# Multiple intercalation stages and universal Tc enhancement through polar   organic species in electron-doped 1T-SnSe2

**Authors:** Hanlin Wu, Sheng Li, Wenhao Liu, Bing Lv

arXiv: 2302.11879 · 2023-02-24

## TL;DR

This study demonstrates multiple intercalation stages and a universal enhancement of superconducting transition temperature (Tc) in electron-doped 1T-SnSe2 via cointercalation with lithium and organic molecules, revealing new ways to tune layered material properties.

## Contribution

It introduces a method to achieve multiple intercalation stages and Tc enhancement in 1T-SnSe2 through cointercalation with Li and various organic molecules, expanding the control over electronic properties.

## Key findings

- Multiple intercalation stages with distinct stacking patterns identified.
- Superconducting Tc is universally increased with organic cointercalation.
- Interlayer distance can be enlarged up to ~11 Å, affecting superconductivity.

## Abstract

In this work, we report multiple intercalation stages and universal Tc enhancement of superconductivity in 1T-SnSe2 through Li and organic molecules cointercalation. We observe significantly increased lattice parameters up to 40 {\AA} and dramatically enlarged interlayer distance up to ~11{\AA} in Li and N,N-dimethylformamide (DMF) cointercalated SnSe2. Well-separated cointercalation stages with different stacking patterns have been discovered by carefully controlled reaction time and concentration of solutions. These cointercalation stages are superconductors showing different superconducting signals.

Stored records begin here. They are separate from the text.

lemma bounded_if_compact_support:
  fixes f :: "'a::topological_space \<Rightarrow> 'b::real_normed_vector"
  assumes "continuous_on UNIV f" "compact K" "\<And>x. x \<notin> K \<Longrightarrow> f x = 0"
  obtains B where "\<And>x. norm (f x) \<le> B"
proof -
  obtain B where B: "\<And>y. y \<in> f ` K \<Longrightarrow> norm y \<le> B"
    using compact_imp_bounded[OF compact_continuous_image[OF continuous_on_subset[OF assms(1)] assms(2)]]
    by (auto simp: bounded_iff)
  have "norm (f x) \<le> max B 0" for x
    using B[of "f x"] assms(3)[of x] by (cases "x \<in> K") auto
  then show ?thesis using that by blast
qed

lemma smooth_fun_compact_support_bounded_lipschitz:
  fixes f :: "'a::euclidean_space \<Rightarrow> real"
  assumes "smooth_fun f" "compact K" "\<And>x. x \<notin> K \<Longrightarrow> f x = 0"
  obtains B L where "\<And>x. \<bar>f x\<bar> \<le> B" "L-lipschitz_on UNIV f"
proof -
  have vanish: "\<And>vs x. x \<notin> K \<Longrightarrow> iterdd vs f x = 0"
    using iterdd_eq_0_outside[OF assms(1) compact_imp_closed[OF assms(2)] assms(3)] by blast
  have "\<exists>B. \<forall>x. \<bar>iterdd vs f x\<bar> \<le> B" for vs
    using bounded_if_compact_support[OF smooth_fun_continuous_on[OF smooth_fun_iterdd[OF assms(1)]]
        assms(2) vanish] by (metis real_norm_def)
  then obtain Bd where Bd: "\<And>vs x. \<bar>iterdd vs f x\<bar> \<le> Bd vs" by metis
  define L where "L = (\<Sum>i\<in>Basis. Bd [i])"
  let ?D = "\<lambda>x. frechet_derivative f (at x)"
  have D: "(f has_derivative ?D x) (at x within UNIV)" for x
    using assms(1) iterdd.simps(1) unfolding smooth_fun_def by (metis frechet_derivative_works)
  have "onorm (?D x) \<le> L" for x
  proof (rule onorm_le)
    fix y :: 'a
    have "?D x y = ?D x (\<Sum>i\<in>Basis. (y \<bullet> i) *\<^sub>R i)"
      by (simp add: euclidean_representation)
    also have "\<dots> = (\<Sum>i\<in>Basis. (y \<bullet> i) * iterdd [i] f x)"
      using has_derivative_linear[OF D] by (simp add: linear_sum linear_scale)
    also have "norm \<dots> \<le> (\<Sum>i\<in>Basis. norm y * Bd [i])"
      unfolding real_norm_def
      by (rule order_trans[OF sum_abs sum_mono])
         (auto simp: abs_mult intro!: mult_mono Basis_le_norm Bd[of "[_]", simplified])
    finally show "norm (?D x y) \<le> L * norm y" by (simp add: L_def sum_distrib_left mult.commute)
  qed
  moreover have "0 \<le> L" unfolding L_def using Bd by (intro sum_nonneg) (meson abs_ge_zero order_trans)
  ultimately have "L-lipschitz_on UNIV f"
    using D by (intro bounded_derivative_imp_lipschitz) auto
  then show ?thesis using that Bd[of "[]"] by (metis iterdd.simps(1))
qed

lemma vec_bounded_lipschitz:
  fixes G :: "'a::real_normed_vector \<Rightarrow> real^'n"
  assumes "\<And>j x. \<bar>G x $ j\<bar> \<le> B j" "\<And>j. (L j)-lipschitz_on UNIV (\<lambda>x. G x $ j)"
  shows "norm (G x) \<le> sum B UNIV" "(sum L UNIV)-lipschitz_on UNIV G"
proof -
  show "norm (G x) \<le> sum B UNIV"
    using assms(1) by (rule order_trans[OF norm_le_l1_cart sum_mono])
  have "norm (G x - G y) \<le> (\<Sum>j\<in>UNIV. L j * norm (x - y))" for x y
    using lipschitz_on_normD[OF assms(2)]
    by (intro order_trans[OF norm_le_l1_cart sum_mono]) simp
  then show "(sum L UNIV)-lipschitz_on UNIV G"
    using lipschitz_on_nonneg[OF assms(2)]
    by (intro lipschitz_onI) (auto simp: dist_norm sum_distrib_right sum_nonneg)
qed
text \<open>In a linearization after inv(enq) of k, the completed enqueues are R-below k, so only
  pending enqueues precede k.\<close>

lemma lin_order_InvEnq_split:
  assumes I: "qinv inn (Os, R, l, rv, cp)" and k: "k \<notin> dom cp"
    and G: "lin_order (Os \<union> {k}, R \<union> COMPs Os l \<times> {k}, l(k \<mapsto> (d, PEND)), rv, cp(k \<mapsto> A1))
              (pre @ k # post)"
  shows "lin_order (Os, R, l, rv, cp) post"
    and "\<forall>j\<in>set pre. j \<in> Os \<and> cp j = Some A1 \<and> inn j = Some (val_of l j)"
proof -
  note H = I[unfolded qinv.simps]
  have kOs: "k \<notin> Os" using H k by fastforce
  have dist: "distinct (pre @ k # post)" using G by simp
  show pre: "\<forall>j\<in>set pre. j \<in> Os \<and> cp j = Some A1 \<and> inn j = Some (val_of l j)"
  proof
    fix j assume j: "j \<in> set pre"
    have jOs: "j \<in> Os" using G j dist by auto
    have "(j, k) \<notin> R \<union> COMPs Os l \<times> {k}" using G j by (auto simp: sorted_wrt_append)
    then have "j \<notin> COMPs Os l" by auto
    with H jOs have "\<exists>e. l j = Some (e, PEND) \<and> cp j = Some A1" by (auto simp: COMPs_def)
    with H jOs show "j \<in> Os \<and> cp j = Some A1 \<and> inn j = Some (val_of l j)" by (auto simp: val_of_def)
  qed
  have "COMPs Os l \<subseteq> set post"
  proof
    fix c assume c: "c \<in> COMPs Os l"
    then have "c \<in> set (pre @ k # post)" using G kOs by (auto simp: COMPs_def)
    moreover have "c \<noteq> k" using c kOs by (auto simp: COMPs_def)
    moreover have "c \<notin> set pre" using pre c H by (auto simp: COMPs_def)
    ultimately show "c \<in> set post" by auto
  qed
  moreover have "sorted_wrt (\<lambda>x y. (x, y) \<notin> R) post"
    using G by (auto simp: sorted_wrt_append elim!: sorted_wrt_mono_rel[rotated])
  ultimately show "lin_order (Os, R, l, rv, cp) post" using G dist by auto
qed

lemma lin_step_InvEnq_unlisted:
  assumes k: "k \<notin> dom cp" "k \<notin> Os" and d: "d \<noteq> E" and ids': "k \<notin> set ids'"
    and G: "lin_order (Os \<union> {k}, R \<union> COMPs Os l \<times> {k}, l(k \<mapsto> (d, PEND)), rv, cp(k \<mapsto> A1)) ids'"
  shows "lin_step E inn (Os, R, l, rv, cp) (InvEnq d k)
           (inn(k \<mapsto> d)) (Os \<union> {k}, R \<union> COMPs Os l \<times> {k}, l(k \<mapsto> (d, PEND)), rv, cp(k \<mapsto> A1)) ids'"
proof (rule lin_step_single)
  show "lin_order (Os, R, l, rv, cp) ids'"
    using G k ids' by (auto simp: COMPs_def elim!: sorted_wrt_mono_rel[rotated])
  have vals: "map (val_of (l(k \<mapsto> (d, PEND)))) ids' = map (val_of l) ids'"
    using ids' by (auto simp: val_of_def)
  have cps: "lin_cp (Os \<union> {k}) (cp(k \<mapsto> A1)) ids' = (lin_cp Os cp ids')(k \<mapsto> A1)"
    using ids' k by (auto simp: lin_cp_def fun_eq_iff)
  show "q0step E (lin_state (Os, R, l, rv, cp) ids' inn) (InvEnq d k)
      (lin_state (Os \<union> {k}, R \<union> COMPs Os l \<times> {k}, l(k \<mapsto> (d, PEND)), rv, cp(k \<mapsto> A1)) ids' (inn(k \<mapsto> d)))"
    unfolding lin_state.simps vals cps by (rule q0step.intros(1)) (use k d in \<open>auto simp: lin_cp_def\<close>)
qed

In addition, Li and various organic species such as Acetone, Dimethyl sulfoxide (DMSO) and Tetrahydrofuran (THF) have been cointercalated into SnSe2 crystals, all of which show enhanced superconducting Tc compared to solely Li intercalated SnSe2. Our findings may provide more insight to effectively tune electronic structure of the lamellar structure through organic molecules co-regulation, and open a new strategy to engineer the physical properties of these layered materials by controlling their different intercalation stages.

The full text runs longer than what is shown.